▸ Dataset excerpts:

lemma mem_word_centralizer_iff:
  assumes m: "1 \<le> m" and s: "s \<in> {1..m} \<rightarrow> carrier G" and \<sigma>: "\<sigma> \<in> carrier G"
  shows "\<sigma> \<in> centralizer G (eval_word s ` Fm0 m) \<longleftrightarrow>
    (\<forall>i::int. \<forall>j\<in>{1..m}. \<forall>k\<in>{1..m}.
      inv (s j [^] i) \<otimes> \<sigma> \<otimes> s j [^] i = inv (s k [^] i) \<otimes> \<sigma> \<otimes> s k [^] i)"
proof (intro iffI ballI allI)
  fix i :: int and j k assume Z: "\<sigma> \<in> centralizer G (eval_word s ` Fm0 m)"
    and j: "j \<in> {1..m}" and k: "k \<in> {1..m}"
  let ?a = "s j [^] i" and ?b = "s k [^] i"
  have sk: "s k \<in> carrier G" using s k by auto
  have ab: "?a \<in> carrier G" "?b \<in> carrier G" using s j k by auto
  have "pow_word j i @ pow_word k (- i) \<in> Fm0 m" using j k by (simp add: Fm0_def)
  moreover have "eval_word s (pow_word j i @ pow_word k (- i)) = ?a \<otimes> inv ?b"
    using s j k sk by (simp add: eval_word_append eval_pow_word int_pow_neg)
  ultimately have "\<sigma> \<otimes> (?a \<otimes> inv ?b) = (?a \<otimes> inv ?b) \<otimes> \<sigma>"
    using Z by (force simp: centralizer_def)
  then have "inv ?a \<otimes> (\<sigma> \<otimes> (?a \<otimes> inv ?b)) \<otimes> ?b = inv ?a \<otimes> ((?a \<otimes> inv ?b) \<otimes> \<sigma>) \<otimes> ?b"
    by simp
  then show "inv ?a \<otimes> \<sigma> \<otimes> ?a = inv ?b \<otimes> \<sigma> \<otimes> ?b" using ab \<sigma> by (simp add: m_assoc)
next
  assume agree: "\<forall>i::int. \<forall>j\<in>{1..m}. \<forall>k\<in>{1..m}.
    inv (s j [^] i) \<otimes> \<sigma> \<otimes> s j [^] i = inv (s k [^] i) \<otimes> \<sigma> \<otimes> s k [^] i"
  define T where "T i = inv (s 1 [^] i) \<otimes> \<sigma> \<otimes> s 1 [^] i" for i :: int
  have one: "1 \<in> {1..m}" using m by simp
  have T_eq: "T i = inv (s j [^] i) \<otimes> \<sigma> \<otimes> s j [^] i" if "j \<in> {1..m}" for i j
    unfolding T_def using agree one that by blast
  have "s 1 \<in> carrier G" using s one by auto
  then have T: "range T \<subseteq> carrier G" using \<sigma> by (auto simp: T_def)
  have shift: "T i \<otimes> s j = s j \<otimes> T (i + 1)" if j: "j \<in> {1..m}" for i j
  proof -
    have sj: "s j \<in> carrier G" using s j by auto
    have "s j [^] (i + 1) = s j [^] i \<otimes> s j" using sj by (simp add: int_pow_mult)
    then show ?thesis using T_eq [OF j, of i] T_eq [OF j, of "i + 1"] sj \<sigma>
      by (simp add: inv_mult_group m_assoc)
  qed
  have "\<sigma> \<otimes> eval_word s w = eval_word s w \<otimes> \<sigma>" if "w \<in> Fm0 m" for w
    using eval_word_shift [OF s T shift, of w 0] that \<sigma> by (simp add: Fm0_def T_def)
  then show "\<sigma> \<in> centralizer G (eval_word s ` Fm0 m)" using \<sigma> by (auto simp: centralizer_def)
qed

section \<open>Translates of the centralizer of the image of \<open>F\<^sub>m\<^sup>0\<close>\<close>

lemma eval_twisted_block:
  assumes s: "s \<in> {1..m} \<rightarrow> carrier G" and c: "c \<in> centralizer G (eval_word s ` Fm0 m)"
    and ab: "fst a \<in> {1..m}" "fst b \<in> {1..m}" "snd b = (\<not> snd a)" and u: "u \<in> Fm0 m"
  shows "eval_letter (\<lambda>j. c \<otimes> s j) a \<otimes> eval_word s u \<otimes> eval_letter (\<lambda>j. c \<otimes> s j) b
    = eval_letter s a \<otimes> eval_word s u \<otimes> eval_letter s b"
proof -
  have cc: "c \<in> carrier G" using c by (simp add: centralizer_def)
  have sa: "s (fst a) \<in> carrier G" and sb: "s (fst b) \<in> carrier G" using s ab by auto
  have uw: "u \<in> words m" using u by (simp add: Fm0_def)
  have su: "eval_word s u \<in> carrier G" using s uw by simp
  show ?thesis
  proof (cases "snd a")
    case True
    let ?X = "eval_letter s a \<otimes> eval_word s u \<otimes> eval_letter s b"
    have "a # u @ [b] \<in> Fm0 m" using ab u True by (simp add: Fm0_def)
    moreover have "eval_word s (a # u @ [b]) = ?X" using s ab uw by (simp add: eval_word_append m_assoc)
    ultimately have "c \<otimes> ?X = ?X \<otimes> c" using c by (force simp: centralizer_def)
    moreover have "?X \<in> carrier G" using s ab uw by simp
    ultimately have "c \<otimes> ?X \<otimes> inv c = ?X" using cc by (simp add: m_assoc)
    then show ?thesis
      using True ab(3) cc sa sb su by (simp add: eval_letter_def inv_mult_group m_assoc)
  next
    case False
    have "c \<otimes> eval_word s u = eval_word s u \<otimes> c" using c u by (force simp: centralizer_def)
    then have "inv c \<otimes> (eval_word s u \<otimes> (c \<otimes> s (fst b))) = inv c \<otimes> (c \<otimes> eval_word s u \<otimes> s (fst b))"
      using cc su sb by (simp add: m_assoc)
    then have "inv c \<otimes> (eval_word s u \<otimes> (c \<otimes> s (fst b))) = eval_word s u \<otimes> s (fst b)"
      using cc su sb by (simp add: m_assoc)
    then show ?thesis
      using False ab(3) cc sa sb su by (simp add: eval_letter_def inv_mult_group m_assoc)
  qed
qed

lemma eval_word_twist:
  assumes s: "s \<in> {1..m} \<rightarrow> carrier G" and c: "c \<in> centralizer G (eval_word s ` Fm0 m)"
  shows "w \<in> Fm0 m \<Longrightarrow> eval_word (\<lambda>j. c \<otimes> s j) w = eval_word s w"
proof (induction "length w" arbitrary: w rule: less_induct)
  case less
  let ?t = "\<lambda>j. c \<otimes> s j"
  have "c \<in> carrier G" using c by (simp add: centralizer_def)
  then have t: "?t \<in> {1..m} \<rightarrow> carrier G" using s by auto
  show ?case
  proof (cases "w = []")
    case False
    have w: "w \<in> words m" "upsilon w = 0" using less.prems by (simp_all add: Fm0_def)
    obtain a u b v where w_eq: "w = a # u @ b # v" and uv: "upsilon u = 0" "upsilon v = 0"
      and ab: "snd b = (\<not> snd a)"
      using balanced_word_split [OF False w(2)] .
    have letters: "fst a \<in> {1..m}" "fst b \<in> {1..m}" and uv_F0: "u \<in> Fm0 m" "v \<in> Fm0 m"
      using w(1) uv by (auto simp: w_eq Fm0_def)
    have "eval_word ?t w = eval_letter ?t a \<otimes> eval_word ?t u \<otimes> eval_letter ?t b \<otimes> eval_word ?t v"
      using t letters uv_F0 by (simp add: w_eq Fm0_def eval_word_append m_assoc)
    also have "\<dots> = eval_letter ?t a \<otimes> eval_word s u \<otimes> eval_letter ?t b \<otimes> eval_word s v"
      using less.hyps uv_F0 by (simp add: w_eq)
    also have "\<dots> = eval_word s w"
      using eval_twisted_block [OF s c letters ab uv_F0(1)] s letters uv_F0
      by (simp add: w_eq Fm0_def eval_word_append m_assoc)
    finally show ?thesis .
  qed simp
qed

lemma eval_word_agree_imp_twist:
  assumes m: "1 \<le> m" and s: "s \<in> {1..m} \<rightarrow> carrier G" and t: "t \<in> {1..m} \<rightarrow> carrier G"
    and agree: "\<And>w. w \<in> Fm0 m \<Longrightarrow> eval_word s w = eval_word t w"
  obtains d where "d \<in> centralizer G (eval_word s ` Fm0 m)" and "\<And>j. j \<in> {1..m} \<Longrightarrow> t j = d \<otimes> s j"
proof
  have one: "1 \<in> {1..m}" using m by simp
  have s1: "s 1 \<in> carrier G" and t1: "t 1 \<in> carrier G" using s t one by auto
  define d where "d = t 1 \<otimes> inv (s 1)"
  have dc: "d \<in> carrier G" using s1 t1 by (simp add: d_def)
  show "t j = d \<otimes> s j" if j: "j \<in> {1..m}" for j
  proof -
    have "[(1, False), (j, True)] \<in> Fm0 m" using one j by (simp add: Fm0_def)
    then have "inv (s 1) \<otimes> s j = inv (t 1) \<otimes> t j"
      using agree s t j s1 t1 by (force simp: eval_letter_def)
    then have "t 1 \<otimes> (inv (s 1) \<otimes> s j) = t 1 \<otimes> (inv (t 1) \<otimes> t j)" by simp
    then show ?thesis using s t j t1 s1 by (force simp: d_def m_assoc)
  qed
  have "d \<otimes> eval_word s w = eval_word s w \<otimes> d" if w: "w \<in> Fm0 m" for w
  proof -
    have ww: "w \<in> words m" using w by (simp add: Fm0_def)
    let ?x = "eval_word s w"
    have xc: "?x \<in> carrier G" using s ww by simp
    have "(1, False) # w @ [(1, True)] \<in> Fm0 m" using one w by (simp add: Fm0_def)
    then have "inv (s 1) \<otimes> (?x \<otimes> s 1) = inv (t 1) \<otimes> (?x \<otimes> t 1)"
      using agree [of "(1, False) # w @ [(1, True)]"] agree [OF w] s t ww one s1 t1
      by (simp add: eval_word_append eval_letter_def)
    then have "t 1 \<otimes> (inv (s 1) \<otimes> (?x \<otimes> s 1)) \<otimes> inv (s 1) = t 1 \<otimes> (inv (t 1) \<otimes> (?x \<otimes> t 1)) \<otimes> inv (s 1)"
      by simp
    then show ?thesis using s1 t1 xc by (simp add: d_def m_assoc)
  qed
  then show "d \<in> centralizer G (eval_word s ` Fm0 m)" using dc by (auto simp: centralizer_def)
qed

(* The set S_s of the paper, read in S_n^m (see Sx_Gnm). *)
definition centralizer_translates :: "nat \<Rightarrow> (nat \<Rightarrow> 'a) \<Rightarrow> (nat \<Rightarrow> 'a) set" where
  "centralizer_translates m s = (\<lambda>c. \<lambda>j\<in>{1..m}. c \<otimes> s j) ` centralizer G (eval_word s ` Fm0 m)"

lemma centralizer_translates_cong:
  assumes "\<And>j. j \<in> {1..m} \<Longrightarrow> s j = t j"
  shows "centralizer_translates m s = centralizer_translates m t"
proof -
  have "eval_word s ` Fm0 m = eval_word t ` Fm0 m"
    using eval_word_cong [of m s t] assms by (intro image_cong refl) (simp add: Fm0_def)
  then show ?thesis using assms by (simp add: centralizer_translates_def cong: restrict_cong)
qed

lemma centralizer_translates_twist:
  assumes s: "s \<in> {1..m} \<rightarrow> carrier G" and d: "d \<in> centralizer G (eval_word s ` Fm0 m)"
  shows "centralizer_translates m (\<lambda>j. d \<otimes> s j) = centralizer_translates m s"
proof -
  have same_centralizer:
    "centralizer G (eval_word (\<lambda>j. d \<otimes> s j) ` Fm0 m) = centralizer G (eval_word s ` Fm0 m)"
    using eval_word_twist [OF s d] by (simp cong: image_cong)
  have "subgroup (centralizer G (eval_word s ` Fm0 m)) G"
    by (rule centralizer_subgroup) (use s in \<open>auto simp: Fm0_def\<close>)
  then have "centralizer G (eval_word s ` Fm0 m) #> d = centralizer G (eval_word s ` Fm0 m)"
    using d is_group by (simp add: subgroup.rcos_const)
  then have translate:
    "(\<lambda>c. c \<otimes> d) ` centralizer G (eval_word s ` Fm0 m) = centralizer G (eval_word s ` Fm0 m)"
    by (simp add: r_coset_def UNION_singleton_eq_range)
  have "centralizer_translates m (\<lambda>j. d \<otimes> s j)
      = (\<lambda>c. \<lambda>j\<in>{1..m}. c \<otimes> s j) ` ((\<lambda>c. c \<otimes> d) ` centralizer G (eval_word s ` Fm0 m))"
    unfolding centralizer_translates_def same_centralizer image_image
  proof (intro image_cong refl restrict_ext)
    fix c j assume "c \<in> centralizer G (eval_word s ` Fm0 m)" and j: "j \<in> {1..m}"
    moreover have "s j \<in> carrier G" using s j by auto
    ultimately show "c \<otimes> (d \<otimes> s j) = c \<otimes> d \<otimes> s j"
      using d by (simp add: m_assoc centralizer_def)
  qed
  then show ?thesis by (simp add: translate centralizer_translates_def)
qed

▸ Your assignment: Look above for the line with "proof (intro iffI ballI allI)" and the line with "j k by auto"; transcribe both and all lines in between, exactly, and nothing else.

▸ Output for this task:
proof (intro iffI ballI allI)
  fix i :: int and j k assume Z: "\<sigma> \<in> centralizer G (eval_word s ` Fm0 m)"
    and j: "j \<in> {1..m}" and k: "k \<in> {1..m}"
  let ?a = "s j [^] i" and ?b = "s k [^] i"
  have sk: "s k \<in> carrier G" using s k by auto
  have ab: "?a \<in> carrier G" "?b \<in> carrier G" using s j k by auto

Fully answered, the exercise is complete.